[Stored items]
+---+

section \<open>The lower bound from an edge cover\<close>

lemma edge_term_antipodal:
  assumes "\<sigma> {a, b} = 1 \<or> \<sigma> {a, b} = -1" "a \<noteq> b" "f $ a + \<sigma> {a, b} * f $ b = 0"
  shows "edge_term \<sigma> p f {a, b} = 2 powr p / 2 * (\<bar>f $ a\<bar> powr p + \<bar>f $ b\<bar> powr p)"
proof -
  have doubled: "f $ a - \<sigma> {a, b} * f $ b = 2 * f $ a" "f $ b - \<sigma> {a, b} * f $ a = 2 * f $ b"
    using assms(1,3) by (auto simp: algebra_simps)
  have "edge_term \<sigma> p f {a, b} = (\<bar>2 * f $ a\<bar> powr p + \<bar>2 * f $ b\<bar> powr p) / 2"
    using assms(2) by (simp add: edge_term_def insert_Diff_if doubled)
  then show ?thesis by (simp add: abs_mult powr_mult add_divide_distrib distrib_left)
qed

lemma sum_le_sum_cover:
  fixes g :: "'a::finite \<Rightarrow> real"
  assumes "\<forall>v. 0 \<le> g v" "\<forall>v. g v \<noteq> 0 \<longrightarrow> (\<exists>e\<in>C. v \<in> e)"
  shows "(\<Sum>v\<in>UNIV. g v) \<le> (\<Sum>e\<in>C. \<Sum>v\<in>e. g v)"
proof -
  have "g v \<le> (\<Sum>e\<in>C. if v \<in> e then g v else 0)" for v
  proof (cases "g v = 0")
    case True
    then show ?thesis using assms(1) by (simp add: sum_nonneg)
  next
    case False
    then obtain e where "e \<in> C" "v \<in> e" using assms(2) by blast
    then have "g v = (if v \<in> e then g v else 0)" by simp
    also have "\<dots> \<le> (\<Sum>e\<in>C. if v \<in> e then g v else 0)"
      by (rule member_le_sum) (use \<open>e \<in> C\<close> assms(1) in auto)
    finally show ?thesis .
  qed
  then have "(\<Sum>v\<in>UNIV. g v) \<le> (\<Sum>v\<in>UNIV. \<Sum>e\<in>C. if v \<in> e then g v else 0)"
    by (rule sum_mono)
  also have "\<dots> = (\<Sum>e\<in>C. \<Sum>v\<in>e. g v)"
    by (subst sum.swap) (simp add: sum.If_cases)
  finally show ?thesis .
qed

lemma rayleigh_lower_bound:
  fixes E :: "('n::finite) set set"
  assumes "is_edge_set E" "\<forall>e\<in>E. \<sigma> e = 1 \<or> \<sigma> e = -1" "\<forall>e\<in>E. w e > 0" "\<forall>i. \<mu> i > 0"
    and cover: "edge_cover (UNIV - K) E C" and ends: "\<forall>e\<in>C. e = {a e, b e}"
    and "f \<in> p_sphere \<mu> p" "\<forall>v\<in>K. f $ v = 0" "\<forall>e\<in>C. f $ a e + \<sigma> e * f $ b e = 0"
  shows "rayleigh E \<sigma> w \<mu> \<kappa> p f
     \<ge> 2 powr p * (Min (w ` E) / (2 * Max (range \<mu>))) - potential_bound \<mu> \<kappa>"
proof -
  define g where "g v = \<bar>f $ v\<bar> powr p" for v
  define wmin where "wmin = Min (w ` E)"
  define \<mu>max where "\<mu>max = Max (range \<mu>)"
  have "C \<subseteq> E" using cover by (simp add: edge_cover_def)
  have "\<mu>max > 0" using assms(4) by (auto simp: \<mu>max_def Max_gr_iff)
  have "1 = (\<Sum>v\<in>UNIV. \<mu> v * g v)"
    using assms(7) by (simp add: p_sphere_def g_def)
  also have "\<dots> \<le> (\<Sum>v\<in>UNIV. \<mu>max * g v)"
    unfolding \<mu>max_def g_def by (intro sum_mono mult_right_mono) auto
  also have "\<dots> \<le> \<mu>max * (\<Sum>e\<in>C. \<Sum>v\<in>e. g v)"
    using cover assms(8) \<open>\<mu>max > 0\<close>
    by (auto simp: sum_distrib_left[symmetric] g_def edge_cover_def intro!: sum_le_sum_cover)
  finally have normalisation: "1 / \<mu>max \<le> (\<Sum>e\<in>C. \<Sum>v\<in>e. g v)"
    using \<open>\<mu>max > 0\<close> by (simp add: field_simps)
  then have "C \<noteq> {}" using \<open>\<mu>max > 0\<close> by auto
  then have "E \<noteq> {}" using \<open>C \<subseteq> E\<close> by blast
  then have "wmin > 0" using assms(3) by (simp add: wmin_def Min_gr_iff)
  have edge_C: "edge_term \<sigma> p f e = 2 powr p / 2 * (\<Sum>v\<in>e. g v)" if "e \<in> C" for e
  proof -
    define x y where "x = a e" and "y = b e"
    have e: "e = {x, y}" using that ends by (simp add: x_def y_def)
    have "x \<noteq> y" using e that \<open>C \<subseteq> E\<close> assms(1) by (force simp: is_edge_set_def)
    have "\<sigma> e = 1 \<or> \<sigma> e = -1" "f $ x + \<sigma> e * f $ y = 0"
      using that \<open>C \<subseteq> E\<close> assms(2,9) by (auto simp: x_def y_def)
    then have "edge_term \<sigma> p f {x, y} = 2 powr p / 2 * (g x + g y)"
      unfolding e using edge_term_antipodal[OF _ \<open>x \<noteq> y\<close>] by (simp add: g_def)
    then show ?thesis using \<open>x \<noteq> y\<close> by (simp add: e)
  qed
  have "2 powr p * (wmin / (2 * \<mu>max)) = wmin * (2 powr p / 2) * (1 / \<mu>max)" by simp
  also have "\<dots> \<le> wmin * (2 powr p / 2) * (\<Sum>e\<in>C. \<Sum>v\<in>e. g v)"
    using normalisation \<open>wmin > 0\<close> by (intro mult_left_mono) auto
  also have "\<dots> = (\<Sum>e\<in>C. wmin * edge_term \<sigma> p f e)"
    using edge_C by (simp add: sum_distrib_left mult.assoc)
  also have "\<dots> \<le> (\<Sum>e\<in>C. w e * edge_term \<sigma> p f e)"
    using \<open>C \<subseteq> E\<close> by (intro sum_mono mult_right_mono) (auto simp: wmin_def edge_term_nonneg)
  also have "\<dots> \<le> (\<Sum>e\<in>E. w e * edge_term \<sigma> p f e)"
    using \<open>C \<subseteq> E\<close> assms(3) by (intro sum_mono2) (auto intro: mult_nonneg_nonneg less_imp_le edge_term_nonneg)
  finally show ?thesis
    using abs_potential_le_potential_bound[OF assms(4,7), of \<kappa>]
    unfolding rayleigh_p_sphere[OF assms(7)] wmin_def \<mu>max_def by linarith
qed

+---+

▸ Work order: Within the data above, pick out all lines holding the word "normalisation".

▸ Reply:
  finally have normalisation: "1 / \<mu>max \<le> (\<Sum>e\<in>C. \<Sum>v\<in>e. g v)"
    using normalisation \<open>wmin > 0\<close> by (intro mult_left_mono) auto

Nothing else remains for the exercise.